_Work task_
In the entries below, count the lines that include the word "fixes" and reply with the number alone.
-- Opening Marker --
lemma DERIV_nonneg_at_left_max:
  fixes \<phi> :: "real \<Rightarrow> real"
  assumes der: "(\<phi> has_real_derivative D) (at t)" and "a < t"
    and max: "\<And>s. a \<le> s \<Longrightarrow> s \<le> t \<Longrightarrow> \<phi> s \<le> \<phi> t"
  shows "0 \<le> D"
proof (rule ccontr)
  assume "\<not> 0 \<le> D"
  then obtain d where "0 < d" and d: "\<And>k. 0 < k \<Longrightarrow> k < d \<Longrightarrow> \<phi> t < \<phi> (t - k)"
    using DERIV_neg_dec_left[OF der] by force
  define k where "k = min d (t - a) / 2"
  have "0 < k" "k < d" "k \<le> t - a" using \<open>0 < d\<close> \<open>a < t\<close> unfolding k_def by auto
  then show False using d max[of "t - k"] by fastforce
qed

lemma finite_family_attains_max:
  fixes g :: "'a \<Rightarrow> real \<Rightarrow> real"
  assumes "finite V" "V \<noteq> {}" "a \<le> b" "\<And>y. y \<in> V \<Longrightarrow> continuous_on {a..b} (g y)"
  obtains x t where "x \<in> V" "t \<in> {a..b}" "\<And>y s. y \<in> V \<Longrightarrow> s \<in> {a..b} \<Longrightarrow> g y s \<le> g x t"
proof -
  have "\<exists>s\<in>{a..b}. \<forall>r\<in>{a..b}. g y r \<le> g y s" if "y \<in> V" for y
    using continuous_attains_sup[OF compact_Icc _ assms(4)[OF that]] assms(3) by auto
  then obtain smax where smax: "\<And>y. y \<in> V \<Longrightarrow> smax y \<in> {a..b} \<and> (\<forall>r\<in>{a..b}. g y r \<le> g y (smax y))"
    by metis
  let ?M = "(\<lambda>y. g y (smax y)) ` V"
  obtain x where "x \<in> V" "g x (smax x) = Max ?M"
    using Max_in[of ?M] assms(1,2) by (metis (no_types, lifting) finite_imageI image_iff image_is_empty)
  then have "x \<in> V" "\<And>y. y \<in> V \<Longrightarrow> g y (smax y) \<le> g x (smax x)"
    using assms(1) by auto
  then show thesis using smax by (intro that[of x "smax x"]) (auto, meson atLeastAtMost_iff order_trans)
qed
-- Closing Marker --
_Output of the exercise_
2